[Activity] Every line with the word "ereal" in it should be extracted from the data that follows.
*** Data to process Section Begins ***
(* Assume (RHS.1), (RHS.2), (BC.1), (BC.2), and, if (RHS.2b) holds, that condition (M.1) holds. If $u_{\mathfrak h}\in\mathbb V_h$ solves the discrete problem, then $$\|u_{\mathfrak h}\|_{L^\infty(\Omega_h)}\le C\|f\|_{L^\infty(\Omega_h)}+\max_{z\in\mathcal N_h^b}|\tilde g_\varepsilon(z)|,$$ where $C$ depends only on $\Omega$ and is independent of $\mathfrak h=(h,\varepsilon,\theta)$.
   Context: Setting: $\Omega\subset\mathbb R^d$ ($d\ge1$) is a bounded domain with continuous boundary. For $r>0$, $\Omega^{(r)}=\{x\in\Omega:\operatorname{dist}(x,\partial\Omega)>r\}$. $\{\mathcal T_h\}_{h>0}$ is a family of meshes of closed simplices, $h=\max_T\operatorname{diam}T$, $\Omega_h$ the interior of the union of the simplices, with $\Omega^{(h)}\subset\Omega_h\subset\Omega$; $\mathcal N_h$ the set of vertices. $\mathbb V_h$: continuous piecewise linear functions on $\mathcal T_h$, hat basis $\{\hat\varphi_z\}$, Lagrange interpolant $\mathcal I_h$. Parameters $\mathfrak h=(h,\varepsilon,\theta)$, $\varepsilon\in[h,\operatorname{diam}\Omega]$, $0<\theta\le1$. $\mathcal N_h^I=\mathcal N_h\cap\Omega^{(2\varepsilon)}$, $\mathcal N_h^b=\mathcal N_h\setminus\mathcal N_h^I$. $\mathbb S_\theta$: finite symmetric subset of the unit sphere $\mathbb S$ such that each $v\in\mathbb S$ has $v_\theta\in\mathbb S_\theta$ with $|v-v_\theta|\le\theta$. For $z\in\mathcal N_h^I$: $\mathcal N_{\mathfrak h}(z)=\{z\}\cup\{z+\varepsilon v_\theta:v_\theta\in\mathbb S_\theta\}$, $-\Delta^\diamond_{\infty,\mathfrak h}w(z)=\varepsilon^{-2}\big(2w(z)-\max_{x\in\mathcal N_{\mathfrak h}(z)}\mathcal I_hw(x)-\min_{x\in\mathcal N_{\mathfrak h}(z)}\mathcal I_hw(x)\big)$, $\widetilde{\mathcal N}_{\mathfrak h}(z)=\{z\}\cup\{z'\in\mathcal N_h:\exists v_\theta\in\mathbb S_\theta,\ \hat\varphi_{z'}(z+\varepsilon v_\theta)>0\}$. Assumptions: (RHS.1) $f\in C(\Omega)\cap L^\infty(\Omega)$. (RHS.2) either (RHS.2a) $\sup_\Omega f<0$ or $\inf_\Omega f>0$, or (RHS.2b) $f\equiv0$. (BC.1) $g\in C(\partial\Omega)$. (BC.2) for every $\varepsilon>0$ a function $\tilde g_\varepsilon\in C(\overline\Omega)$ is given such that, if $g\in C^{0,\alpha}(\partial\Omega)$ for some $\alpha\in[0,1]$, then $\tilde g_\varepsilon\in C^{0,\alpha}(\overline\Omega)$ and $\|g-\tilde g_\varepsilon\|_{L^\infty(\partial\Omega)}\le C\varepsilon^\alpha$. (M.1) for every nonempty $S\subset\mathcal N_h^I$ there are $z\in S$, $z'\in\mathcal N_h\setminus S$ with $z'\in\widetilde{\mathcal N}_{\mathfrak h}(z)$. Discrete problem: find $u_{\mathfrak h}\in\mathbb V_h$ with $-\Delta^\diamond_{\infty,\mathfrak h}u_{\mathfrak h}(z)=f(z)$ for $z\in\mathcal N_h^I$ and $u_{\mathfrak h}(z)=\tilde g_\varepsilon(z)$ for $z\in\mathcal N_h^b$. *)

theory Defs
  imports "HOL-Analysis.Analysis"
begin
(* Let $G$ be a countable discrete amenable group and $(X,d)$ a compact metric space. Let $\sigma$ be the full $G$-shift on $X^G$, $\sigma^h((x_g)_{g\in G})=(x_{gh})_{g\in G}$, and equip $X^G$ with the metric $\boldsymbol d(x,y)=\sum_{g\in G}\alpha_g\,d(x_g,y_g)$, where $\alpha_g\in(0,\infty)$, $\alpha_{1_G}=1$ and $\sum_{g\in G}\alpha_g<\infty$. Assume the $G$-system $(X^G,\sigma)$ with metric $\boldsymbol d$ satisfies Condition (C). Then $$\overline{\mathrm{mdim}}_{\mathrm M}(X^G,G,\boldsymbol d)=\overline{\dim}_{\mathrm B}(X,d),\qquad\underline{\mathrm{mdim}}_{\mathrm M}(X^G,G,\boldsymbol d)=\underline{\dim}_{\mathrm B}(X,d).$$
   Context: Upper/lower Minkowski (box) dimension: $\overline{\dim}_{\mathrm B}(X,d)=\limsup_{\varepsilon\to0}\frac{\log N(\varepsilon)}{|\log\varepsilon|}$, $\underline{\dim}_{\mathrm B}(X,d)=\liminf_{\varepsilon\to0}\frac{\log N(\varepsilon)}{|\log\varepsilon|}$, where $N(\varepsilon)$ is the maximal cardinality of a subset of $X$ whose distinct points are at $d$-distance $>\varepsilon$. Metric mean dimension of a $G$-system $(Z,G)$ with metric $\rho$: with a Følner sequence $(F_n)$, $\rho_F(x,y)=\max_{g\in F}\rho(gx,gy)$ and $s_F(\rho,\varepsilon,Z)$ the maximal cardinality of a subset of $Z$ whose distinct points have $\rho_F$-distance $>\varepsilon$, $\overline{\mathrm{mdim}}_{\mathrm M}(Z,G,\rho)=\limsup_{\varepsilon\to0}\frac{1}{|\log\varepsilon|}\limsup_n\frac1{|F_n|}\log s_{F_n}(\rho,\varepsilon,Z)$ and $\underline{\mathrm{mdim}}_{\mathrm M}$ with $\liminf_{\varepsilon\to0}$ (independent of the Følner sequence). Condition (C) for a $G$-system $(Z,G)$ with metric $\rho$: let $E(Z,G)$ be the set of ergodic $G$-invariant Borel probability measures; for a finite measurable partition $\mathcal P$ let $\partial\mathcal P=\bigcup_{A\in\mathcal P}\partial A$, $\mathrm{diam}(\mathcal P)=\max_{A\in\mathcal P}\mathrm{diam}(A)$, $U_r(A)=\{x\in A:\exists y\in Z\setminus A,\ \rho(x,y)<r\}$, $U_r(\mathcal P)=\bigcup_{A\in\mathcal P}U_r(A)$; for $\mu\in E(Z,G)$ and $\gamma>0$ let $r_{\mu,\gamma}=\sup\{r>0:\exists$ finite measurable partition $\mathcal P$ with $\mu(\partial\mathcal P)=0$, $\mathrm{diam}(\mathcal P)<\gamma$, $\mu(U_r(\mathcal P))<\gamma\}$ and $r_\gamma=\inf_{\mu\in E(Z,G)}r_{\mu,\gamma}$. Condition (C) requires $r_\gamma>0$ for every $\gamma>0$ and $\lim_{\gamma\to0}\frac{\log r_\gamma}{\log\gamma}=1$. *)

theory Defs
  imports "HOL-Probability.Probability"
begin

definition sep_set :: "'a set \<Rightarrow> ('a \<Rightarrow> 'a \<Rightarrow> real) \<Rightarrow> real \<Rightarrow> 'a set \<Rightarrow> bool" where
  "sep_set Z \<rho> \<epsilon> S \<longleftrightarrow> S \<subseteq> Z \<and> finite S \<and> (\<forall>x\<in>S. \<forall>y\<in>S. x \<noteq> y \<longrightarrow> \<rho> x y > \<epsilon>)"

definition max_sep :: "'a set \<Rightarrow> ('a \<Rightarrow> 'a \<Rightarrow> real) \<Rightarrow> real \<Rightarrow> nat" where
  "max_sep Z \<rho> \<epsilon> = Sup (card ` {S. sep_set Z \<rho> \<epsilon> S})"

definition upper_box_dim :: "'a set \<Rightarrow> ('a \<Rightarrow> 'a \<Rightarrow> real) \<Rightarrow> ereal" where
  "upper_box_dim X d =
     Limsup (at_right 0) (\<lambda>\<epsilon>. ereal (ln (real (max_sep X d \<epsilon>)) / \<bar>ln \<epsilon>\<bar>))"

definition lower_box_dim :: "'a set \<Rightarrow> ('a \<Rightarrow> 'a \<Rightarrow> real) \<Rightarrow> ereal" where
  "lower_box_dim X d =
     Liminf (at_right 0) (\<lambda>\<epsilon>. ereal (ln (real (max_sep X d \<epsilon>)) / \<bar>ln \<epsilon>\<bar>))"

text \<open>The group G is a type of class group_add (not necessarily commutative, written
  additively: g + h is the product gh, 0 is the identity).\<close>

definition folner_seq :: "(nat \<Rightarrow> 'g::group_add set) \<Rightarrow> bool" where
  "folner_seq F \<longleftrightarrow> (\<forall>n. finite (F n) \<and> F n \<noteq> {}) \<and>
     (\<forall>g. (\<lambda>n. real (card (((+) g ` F n - F n) \<union> (F n - (+) g ` F n))) / real (card (F n)))
            \<longlonglongrightarrow> 0)"

definition amenable :: "'g::group_add itself \<Rightarrow> bool" where
  "amenable _ \<longleftrightarrow> (\<exists>F :: nat \<Rightarrow> 'g set. folner_seq F)"

definition bowen_metric ::
  "('z \<Rightarrow> 'z \<Rightarrow> real) \<Rightarrow> ('g \<Rightarrow> 'z \<Rightarrow> 'z) \<Rightarrow> 'g set \<Rightarrow> 'z \<Rightarrow> 'z \<Rightarrow> real" where
  "bowen_metric \<rho> T F x y = Max ((\<lambda>g. \<rho> (T g x) (T g y)) ` F)"
lemma vdm_column_orthogonal_synthetic_div:
  fixes p :: "complex poly" and col :: "nat \<Rightarrow> complex" and part :: "nat \<Rightarrow> bool"
  assumes real: "\<And>k. coeff p k \<in> \<real>"
    and col_root: "poly p (col c) = 0" and root: "poly p \<beta> = 0"
    and ne: "col c \<noteq> \<beta>" "cnj (col c) \<noteq> \<beta>"
  shows "(\<Sum>i<degree p. of_real (vdm_matrix col part i c) * coeff (synthetic_div p \<beta>) i) = 0"
proof -
  define S where "S x = (\<Sum>i<degree p. coeff (synthetic_div p \<beta>) i * x ^ i)" for x
  have "S (col c) = 0" "S (cnj (col c)) = 0"
    using col_root root ne real_poly_cnj_root_iff[OF real]
    by (simp_all add: S_def flip: poly_synthetic_div_eq_sum add: poly_synthetic_div_at_other_root)
  moreover have "(\<Sum>i<degree p. of_real (vdm_matrix col part i c) * coeff (synthetic_div p \<beta>) i) =
      (if part c then (S (col c) - S (cnj (col c))) / (2 * \<i>) else (S (col c) + S (cnj (col c))) / 2)"
    by (simp add: S_def of_real_vdm_matrix sum_divide_distrib sum_subtractf sum.distrib
        algebra_simps diff_divide_distrib add_divide_distrib)
  ultimately show ?thesis by simp
qed

lemma int_vector_in_span_of_vdm_columns_eq_0:
  fixes f :: "int poly" and \<sigma> :: "nat \<Rightarrow> int" and u :: "nat \<Rightarrow> real"
    and col :: "nat \<Rightarrow> complex" and part :: "nat \<Rightarrow> bool"
  assumes irr: "irreducible (map_poly (of_int :: int \<Rightarrow> rat) f)"
    and root: "poly (map_poly of_int f) \<beta> = 0"
    and cols: "\<forall>c\<in>C. poly (map_poly of_int f) (col c) = 0 \<and> col c \<noteq> \<beta> \<and> cnj (col c) \<noteq> \<beta>"
    and span: "\<forall>i<degree f. of_int (\<sigma> i) = (\<Sum>c\<in>C. vdm_matrix col part i c * u c)"
  shows "\<forall>i<degree f. \<sigma> i = 0"
proof -
  let ?p = "map_poly complex_of_int f"
  let ?q = "synthetic_div ?p \<beta>"
  have deg: "degree ?p = degree f"
    by (rule degree_map_poly) simp
  have span': "complex_of_int (\<sigma> i) = (\<Sum>c\<in>C. of_real (vdm_matrix col part i c) * of_real (u c))"
    if "i < degree f" for i
  proof -
    have "complex_of_int (\<sigma> i) = of_real (of_int (\<sigma> i))" by simp
    also have "\<dots> = of_real (\<Sum>c\<in>C. vdm_matrix col part i c * u c)" using span that by simp
    finally show ?thesis by (simp add: of_real_sum)
  qed
  have "(\<Sum>i<degree f. of_int (\<sigma> i) * coeff ?q i)
      = (\<Sum>c\<in>C. of_real (u c) * (\<Sum>i<degree ?p. of_real (vdm_matrix col part i c) * coeff ?q i))"
    using span'
    by (simp add: deg sum_distrib_left sum_distrib_right mult_ac sum.swap[of _ C])
  also have "\<dots> = 0"
    using cols root
    by (intro sum.neutral ballI) (simp add: vdm_column_orthogonal_synthetic_div coeff_map_poly)
  finally show ?thesis
    using int_vector_eq_0_if_orthogonal_to_synthetic_div[OF irr root] by blast
qed

lemma matrix_inverse_apply:
  fixes A B :: "nat \<Rightarrow> nat \<Rightarrow> 'a :: comm_ring_1"
  assumes AB: "\<forall>i<d. \<forall>j<d. (\<Sum>k<d. A i k * B k j) = (if i = j then 1 else 0)" and "i < d"
  shows "(\<Sum>k<d. A i k * (\<Sum>l<d. B k l * v l)) = v i"
proof -
  have "(\<Sum>k<d. A i k * (\<Sum>l<d. B k l * v l)) = (\<Sum>k<d. \<Sum>l<d. A i k * B k l * v l)"
    by (simp add: sum_distrib_left mult.assoc)
  also have "\<dots> = (\<Sum>l<d. (\<Sum>k<d. A i k * B k l) * v l)"
    by (subst sum.swap) (simp add: sum_distrib_right)
  also have "\<dots> = (\<Sum>l<d. if l = i then v l else 0)"
    using AB \<open>i < d\<close> by (intro sum.cong) auto
  finally show ?thesis using \<open>i < d\<close> by simp
qed

lemma vdm_columns_root:
  fixes col :: "nat \<Rightarrow> complex" and part :: "nat \<Rightarrow> bool"
  shows "vdm_columns f n col part \<Longrightarrow> k < degree f \<Longrightarrow> poly (map_poly of_int f) (col k) = 0"
  unfolding vdm_columns_def by blast

lemma vdm_columns_other_block:
  fixes col :: "nat \<Rightarrow> complex" and part :: "nat \<Rightarrow> bool"
  assumes vc: "vdm_columns f n col part" and "k < degree f" "c < degree f"
    and blocks: "(k < n) \<noteq> (c < n)"
  shows "col c \<noteq> col k \<and> col c \<noteq> cnj (col k)"
proof -
  have root: "poly (map_poly of_int f) (col k) = 0"
    using vc \<open>k < degree f\<close> by (rule vdm_columns_root)
  note real_roots = conjunct1[OF conjunct2[OF vc[unfolded vdm_columns_def]]]
  note nonreal_roots = conjunct2[OF conjunct2[OF vc[unfolded vdm_columns_def]]]
  show ?thesis
  proof (cases "Im (col k) = 0")
    case True
    then have "cnj (col k) = col k" by (simp add: complex_eq_iff)
    moreover have "card {j. j < degree f \<and> col j = col k} = 1"
      using real_roots root True by blast
    then obtain j where singleton: "{j. j < degree f \<and> col j = col k} = {j}"
      by (rule card_1_singletonE)
    have "k \<in> {j. j < degree f \<and> col j = col k}"
      "col c = col k \<Longrightarrow> c \<in> {j. j < degree f \<and> col j = col k}"
      using \<open>k < degree f\<close> \<open>c < degree f\<close> by simp_all
    then have "col c = col k \<Longrightarrow> c = k"
      unfolding singleton by simp
    ultimately show ?thesis using blocks by auto
  next
    case False
    then obtain k1 k2 where
      pair: "{j. j < degree f \<and> (col j = col k \<or> col j = cnj (col k))} = {k1, k2}"
      and "k1 < n \<longleftrightarrow> k2 < n"
      using nonreal_roots root by blast
    moreover have "k \<in> {k1, k2}"
      using \<open>k < degree f\<close> unfolding pair[symmetric] by simp
    moreover have "col c = col k \<or> col c = cnj (col k) \<Longrightarrow> c \<in> {k1, k2}"
      using \<open>c < degree f\<close> unfolding pair[symmetric] by simp
    ultimately show ?thesis using blocks by auto
  qed
qed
*** Data to process Section Ends ***
[Exercise response]
definition upper_box_dim :: "'a set \<Rightarrow> ('a \<Rightarrow> 'a \<Rightarrow> real) \<Rightarrow> ereal" where
     Limsup (at_right 0) (\<lambda>\<epsilon>. ereal (ln (real (max_sep X d \<epsilon>)) / \<bar>ln \<epsilon>\<bar>))"
definition lower_box_dim :: "'a set \<Rightarrow> ('a \<Rightarrow> 'a \<Rightarrow> real) \<Rightarrow> ereal" where
     Liminf (at_right 0) (\<lambda>\<epsilon>. ereal (ln (real (max_sep X d \<epsilon>)) / \<bar>ln \<epsilon>\<bar>))"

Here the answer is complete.